_EXERCISE DESCRIPTION_.
In the material below, find the line containing "then obtain m" and the line containing "fixes p q w", then reproduce exactly both of them and every line between, and nothing else.

_INFORMATION PROVIDED_.

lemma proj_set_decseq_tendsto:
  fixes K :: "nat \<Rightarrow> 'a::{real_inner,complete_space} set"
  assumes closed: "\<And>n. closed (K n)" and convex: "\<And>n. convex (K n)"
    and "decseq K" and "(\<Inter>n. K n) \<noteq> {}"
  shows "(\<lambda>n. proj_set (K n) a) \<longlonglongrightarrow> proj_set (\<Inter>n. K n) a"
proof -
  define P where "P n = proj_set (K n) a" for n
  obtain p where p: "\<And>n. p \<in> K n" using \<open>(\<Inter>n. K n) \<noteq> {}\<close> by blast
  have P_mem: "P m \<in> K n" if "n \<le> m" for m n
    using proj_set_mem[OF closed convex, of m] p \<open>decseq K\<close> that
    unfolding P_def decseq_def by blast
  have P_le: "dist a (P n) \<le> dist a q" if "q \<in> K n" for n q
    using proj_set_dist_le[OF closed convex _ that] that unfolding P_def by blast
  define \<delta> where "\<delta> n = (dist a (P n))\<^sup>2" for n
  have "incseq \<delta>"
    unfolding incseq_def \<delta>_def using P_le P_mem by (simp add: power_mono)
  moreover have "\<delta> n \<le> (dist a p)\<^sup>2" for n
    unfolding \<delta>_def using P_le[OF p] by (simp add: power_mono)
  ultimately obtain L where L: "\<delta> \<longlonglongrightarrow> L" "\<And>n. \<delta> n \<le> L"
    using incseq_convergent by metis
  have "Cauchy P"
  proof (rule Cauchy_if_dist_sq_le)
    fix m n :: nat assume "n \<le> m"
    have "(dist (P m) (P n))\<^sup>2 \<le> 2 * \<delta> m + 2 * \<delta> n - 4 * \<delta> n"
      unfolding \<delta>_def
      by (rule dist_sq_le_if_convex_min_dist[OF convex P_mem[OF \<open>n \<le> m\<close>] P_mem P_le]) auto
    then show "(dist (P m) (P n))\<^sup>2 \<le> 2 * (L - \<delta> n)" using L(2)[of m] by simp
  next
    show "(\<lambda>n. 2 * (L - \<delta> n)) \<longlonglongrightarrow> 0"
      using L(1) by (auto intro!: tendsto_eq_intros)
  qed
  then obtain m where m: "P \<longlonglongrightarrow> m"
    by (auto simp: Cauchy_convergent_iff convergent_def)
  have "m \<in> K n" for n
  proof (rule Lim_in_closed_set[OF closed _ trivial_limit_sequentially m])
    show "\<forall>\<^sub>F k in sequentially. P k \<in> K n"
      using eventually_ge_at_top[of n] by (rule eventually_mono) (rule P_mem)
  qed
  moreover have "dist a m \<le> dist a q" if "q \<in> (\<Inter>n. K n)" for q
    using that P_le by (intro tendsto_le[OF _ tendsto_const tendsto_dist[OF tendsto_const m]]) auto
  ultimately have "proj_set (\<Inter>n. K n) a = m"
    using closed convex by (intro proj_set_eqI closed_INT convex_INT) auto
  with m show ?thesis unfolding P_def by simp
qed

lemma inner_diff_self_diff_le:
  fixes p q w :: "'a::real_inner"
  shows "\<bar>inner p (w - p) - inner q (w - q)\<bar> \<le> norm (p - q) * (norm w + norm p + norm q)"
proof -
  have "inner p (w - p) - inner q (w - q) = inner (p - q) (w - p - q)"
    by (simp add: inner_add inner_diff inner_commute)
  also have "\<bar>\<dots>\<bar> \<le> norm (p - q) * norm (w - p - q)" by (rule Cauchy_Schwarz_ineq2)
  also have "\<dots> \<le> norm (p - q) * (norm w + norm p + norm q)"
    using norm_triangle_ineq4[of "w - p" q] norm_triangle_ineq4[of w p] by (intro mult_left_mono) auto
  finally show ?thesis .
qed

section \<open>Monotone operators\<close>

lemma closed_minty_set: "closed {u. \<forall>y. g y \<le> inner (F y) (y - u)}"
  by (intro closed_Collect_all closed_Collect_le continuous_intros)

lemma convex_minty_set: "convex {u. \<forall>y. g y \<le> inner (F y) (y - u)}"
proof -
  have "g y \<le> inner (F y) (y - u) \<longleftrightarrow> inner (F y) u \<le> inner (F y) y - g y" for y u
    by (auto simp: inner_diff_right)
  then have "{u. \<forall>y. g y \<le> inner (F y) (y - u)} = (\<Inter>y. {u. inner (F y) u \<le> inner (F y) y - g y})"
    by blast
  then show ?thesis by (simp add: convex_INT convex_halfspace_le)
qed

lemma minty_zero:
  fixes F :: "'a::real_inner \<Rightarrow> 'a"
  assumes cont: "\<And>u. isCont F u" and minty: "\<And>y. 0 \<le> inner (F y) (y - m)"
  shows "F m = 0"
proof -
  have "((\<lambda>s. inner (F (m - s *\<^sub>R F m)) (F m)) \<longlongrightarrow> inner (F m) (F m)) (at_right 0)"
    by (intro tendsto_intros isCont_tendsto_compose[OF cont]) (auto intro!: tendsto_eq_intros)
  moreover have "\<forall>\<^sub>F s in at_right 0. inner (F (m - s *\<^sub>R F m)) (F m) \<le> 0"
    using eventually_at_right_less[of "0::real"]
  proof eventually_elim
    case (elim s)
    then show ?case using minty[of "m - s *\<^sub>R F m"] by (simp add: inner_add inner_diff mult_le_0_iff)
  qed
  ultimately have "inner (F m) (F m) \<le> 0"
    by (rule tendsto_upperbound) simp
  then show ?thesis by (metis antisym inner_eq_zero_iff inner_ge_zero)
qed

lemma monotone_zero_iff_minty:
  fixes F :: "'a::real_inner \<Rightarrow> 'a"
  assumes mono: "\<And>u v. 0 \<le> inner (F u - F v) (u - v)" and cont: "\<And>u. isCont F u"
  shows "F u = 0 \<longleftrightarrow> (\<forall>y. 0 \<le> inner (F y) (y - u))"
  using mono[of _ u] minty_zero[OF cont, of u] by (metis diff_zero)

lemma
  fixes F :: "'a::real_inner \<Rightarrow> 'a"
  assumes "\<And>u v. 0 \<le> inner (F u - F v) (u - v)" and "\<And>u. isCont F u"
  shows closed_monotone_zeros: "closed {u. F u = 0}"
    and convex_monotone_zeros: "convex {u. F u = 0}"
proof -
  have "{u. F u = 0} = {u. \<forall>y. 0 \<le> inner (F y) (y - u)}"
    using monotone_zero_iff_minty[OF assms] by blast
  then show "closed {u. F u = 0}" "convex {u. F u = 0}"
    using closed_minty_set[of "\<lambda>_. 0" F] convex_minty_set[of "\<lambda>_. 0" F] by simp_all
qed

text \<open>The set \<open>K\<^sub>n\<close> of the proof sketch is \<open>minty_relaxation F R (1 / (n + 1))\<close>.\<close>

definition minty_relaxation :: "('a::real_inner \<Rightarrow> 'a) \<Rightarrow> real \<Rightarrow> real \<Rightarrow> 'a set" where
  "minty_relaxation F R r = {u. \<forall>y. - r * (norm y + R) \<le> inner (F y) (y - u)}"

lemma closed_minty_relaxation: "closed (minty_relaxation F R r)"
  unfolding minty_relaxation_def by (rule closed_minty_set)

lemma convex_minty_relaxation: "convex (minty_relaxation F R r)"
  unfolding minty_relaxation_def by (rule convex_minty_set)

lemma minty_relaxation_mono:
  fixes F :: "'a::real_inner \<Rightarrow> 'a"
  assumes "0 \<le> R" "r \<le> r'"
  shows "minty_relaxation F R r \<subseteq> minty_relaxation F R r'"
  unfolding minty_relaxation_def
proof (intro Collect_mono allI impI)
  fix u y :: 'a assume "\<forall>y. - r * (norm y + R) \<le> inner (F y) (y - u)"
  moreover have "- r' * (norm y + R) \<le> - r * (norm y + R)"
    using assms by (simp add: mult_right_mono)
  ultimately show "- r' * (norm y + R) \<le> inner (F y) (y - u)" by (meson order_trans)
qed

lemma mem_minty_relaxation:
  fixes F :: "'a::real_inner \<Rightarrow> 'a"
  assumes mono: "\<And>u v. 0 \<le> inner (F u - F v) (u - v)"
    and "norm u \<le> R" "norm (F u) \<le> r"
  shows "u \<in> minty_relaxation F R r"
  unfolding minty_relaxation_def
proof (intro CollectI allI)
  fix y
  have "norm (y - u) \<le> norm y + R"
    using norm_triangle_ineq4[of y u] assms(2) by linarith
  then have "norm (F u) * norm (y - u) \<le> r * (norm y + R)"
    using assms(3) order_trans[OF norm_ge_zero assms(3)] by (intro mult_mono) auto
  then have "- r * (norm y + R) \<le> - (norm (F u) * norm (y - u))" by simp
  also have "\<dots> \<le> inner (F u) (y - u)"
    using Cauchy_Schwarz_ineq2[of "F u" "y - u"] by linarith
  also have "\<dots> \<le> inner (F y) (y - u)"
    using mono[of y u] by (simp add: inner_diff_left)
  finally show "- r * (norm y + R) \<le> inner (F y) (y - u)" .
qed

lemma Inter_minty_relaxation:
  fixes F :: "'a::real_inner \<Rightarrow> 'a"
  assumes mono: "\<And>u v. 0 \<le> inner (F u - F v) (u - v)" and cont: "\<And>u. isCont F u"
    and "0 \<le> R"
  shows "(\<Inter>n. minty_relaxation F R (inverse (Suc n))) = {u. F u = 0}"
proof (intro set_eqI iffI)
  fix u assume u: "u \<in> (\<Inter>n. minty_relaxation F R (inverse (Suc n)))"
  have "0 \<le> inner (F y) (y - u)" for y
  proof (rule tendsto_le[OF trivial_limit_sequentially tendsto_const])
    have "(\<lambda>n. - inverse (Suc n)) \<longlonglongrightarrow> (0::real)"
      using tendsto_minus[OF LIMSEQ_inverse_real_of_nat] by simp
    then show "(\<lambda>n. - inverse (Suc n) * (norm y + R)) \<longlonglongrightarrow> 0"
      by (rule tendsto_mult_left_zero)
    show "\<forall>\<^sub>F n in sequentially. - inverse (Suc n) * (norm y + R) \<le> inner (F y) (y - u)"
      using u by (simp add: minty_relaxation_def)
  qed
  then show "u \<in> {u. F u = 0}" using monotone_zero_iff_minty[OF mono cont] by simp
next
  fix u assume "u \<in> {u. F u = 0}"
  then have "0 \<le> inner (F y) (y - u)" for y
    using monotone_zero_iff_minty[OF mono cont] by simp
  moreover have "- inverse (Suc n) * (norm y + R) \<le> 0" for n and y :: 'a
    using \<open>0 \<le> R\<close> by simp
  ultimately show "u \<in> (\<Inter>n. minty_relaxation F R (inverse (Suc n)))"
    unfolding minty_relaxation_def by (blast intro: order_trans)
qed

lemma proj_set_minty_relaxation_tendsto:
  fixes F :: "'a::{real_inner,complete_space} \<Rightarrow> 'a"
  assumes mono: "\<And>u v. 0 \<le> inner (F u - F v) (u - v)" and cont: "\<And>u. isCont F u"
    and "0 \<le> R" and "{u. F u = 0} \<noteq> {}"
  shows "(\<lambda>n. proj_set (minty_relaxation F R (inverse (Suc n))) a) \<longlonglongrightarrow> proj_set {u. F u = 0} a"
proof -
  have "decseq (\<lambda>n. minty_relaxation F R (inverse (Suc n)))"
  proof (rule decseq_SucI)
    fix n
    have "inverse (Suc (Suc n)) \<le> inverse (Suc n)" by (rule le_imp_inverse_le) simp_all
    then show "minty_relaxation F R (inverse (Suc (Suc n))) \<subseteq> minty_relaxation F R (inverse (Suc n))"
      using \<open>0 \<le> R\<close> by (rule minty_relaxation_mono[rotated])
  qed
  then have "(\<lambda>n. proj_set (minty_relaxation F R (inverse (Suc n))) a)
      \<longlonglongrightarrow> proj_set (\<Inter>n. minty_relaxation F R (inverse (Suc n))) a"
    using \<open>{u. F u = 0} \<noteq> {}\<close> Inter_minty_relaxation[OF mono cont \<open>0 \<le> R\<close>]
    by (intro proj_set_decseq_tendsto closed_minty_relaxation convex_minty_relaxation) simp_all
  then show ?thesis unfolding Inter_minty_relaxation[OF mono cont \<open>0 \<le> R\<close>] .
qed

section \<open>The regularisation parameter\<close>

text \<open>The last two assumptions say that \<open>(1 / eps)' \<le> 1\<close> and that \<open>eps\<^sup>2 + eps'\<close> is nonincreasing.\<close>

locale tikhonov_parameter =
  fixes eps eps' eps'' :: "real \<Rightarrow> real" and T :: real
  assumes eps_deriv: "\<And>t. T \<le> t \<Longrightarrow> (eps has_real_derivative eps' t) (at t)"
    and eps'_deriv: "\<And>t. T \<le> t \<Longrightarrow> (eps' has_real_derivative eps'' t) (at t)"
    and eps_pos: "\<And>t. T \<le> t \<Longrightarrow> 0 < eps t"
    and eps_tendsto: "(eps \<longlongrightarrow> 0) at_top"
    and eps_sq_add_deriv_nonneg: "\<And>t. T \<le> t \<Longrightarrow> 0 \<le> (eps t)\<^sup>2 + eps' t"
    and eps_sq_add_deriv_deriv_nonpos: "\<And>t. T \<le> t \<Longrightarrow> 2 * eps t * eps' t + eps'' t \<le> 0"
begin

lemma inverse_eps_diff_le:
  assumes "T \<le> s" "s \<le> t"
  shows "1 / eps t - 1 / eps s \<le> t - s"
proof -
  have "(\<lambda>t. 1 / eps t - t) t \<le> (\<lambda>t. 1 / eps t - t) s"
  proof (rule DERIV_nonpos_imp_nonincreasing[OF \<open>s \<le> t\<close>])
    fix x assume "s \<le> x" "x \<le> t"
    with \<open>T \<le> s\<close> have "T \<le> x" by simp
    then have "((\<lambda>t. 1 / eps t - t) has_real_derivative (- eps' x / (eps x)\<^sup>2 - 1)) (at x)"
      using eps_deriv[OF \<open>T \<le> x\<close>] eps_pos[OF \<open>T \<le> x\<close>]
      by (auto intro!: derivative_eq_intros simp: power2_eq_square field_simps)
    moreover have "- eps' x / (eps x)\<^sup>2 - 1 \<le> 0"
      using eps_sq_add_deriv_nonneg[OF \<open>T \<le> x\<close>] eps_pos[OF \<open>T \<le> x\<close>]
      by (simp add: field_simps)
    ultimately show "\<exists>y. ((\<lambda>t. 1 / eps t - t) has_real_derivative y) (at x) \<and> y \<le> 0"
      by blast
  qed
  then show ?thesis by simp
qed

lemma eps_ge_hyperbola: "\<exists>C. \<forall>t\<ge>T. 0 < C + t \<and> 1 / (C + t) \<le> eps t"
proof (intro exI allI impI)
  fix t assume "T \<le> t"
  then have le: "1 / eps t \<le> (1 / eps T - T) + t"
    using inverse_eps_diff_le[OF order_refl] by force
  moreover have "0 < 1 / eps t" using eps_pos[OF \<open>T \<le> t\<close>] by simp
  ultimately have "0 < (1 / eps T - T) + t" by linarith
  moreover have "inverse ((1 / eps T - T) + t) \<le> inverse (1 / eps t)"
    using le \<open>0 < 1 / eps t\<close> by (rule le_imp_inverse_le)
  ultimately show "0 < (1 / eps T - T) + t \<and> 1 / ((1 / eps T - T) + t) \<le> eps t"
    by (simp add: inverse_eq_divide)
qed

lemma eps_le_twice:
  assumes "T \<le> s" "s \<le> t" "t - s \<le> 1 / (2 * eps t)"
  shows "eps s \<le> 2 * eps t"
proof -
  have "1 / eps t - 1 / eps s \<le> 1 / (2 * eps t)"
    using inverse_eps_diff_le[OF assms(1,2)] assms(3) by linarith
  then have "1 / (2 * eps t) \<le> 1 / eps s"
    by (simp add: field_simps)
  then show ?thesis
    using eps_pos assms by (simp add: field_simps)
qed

_RESPONSE BOX_.
  then obtain m where m: "P \<longlonglongrightarrow> m"
    by (auto simp: Cauchy_convergent_iff convergent_def)
  have "m \<in> K n" for n
  proof (rule Lim_in_closed_set[OF closed _ trivial_limit_sequentially m])
    show "\<forall>\<^sub>F k in sequentially. P k \<in> K n"
      using eventually_ge_at_top[of n] by (rule eventually_mono) (rule P_mem)
  qed
  moreover have "dist a m \<le> dist a q" if "q \<in> (\<Inter>n. K n)" for q
    using that P_le by (intro tendsto_le[OF _ tendsto_const tendsto_dist[OF tendsto_const m]]) auto
  ultimately have "proj_set (\<Inter>n. K n) a = m"
    using closed convex by (intro proj_set_eqI closed_INT convex_INT) auto
  with m show ?thesis unfolding P_def by simp
qed

lemma inner_diff_self_diff_le:
  fixes p q w :: "'a::real_inner"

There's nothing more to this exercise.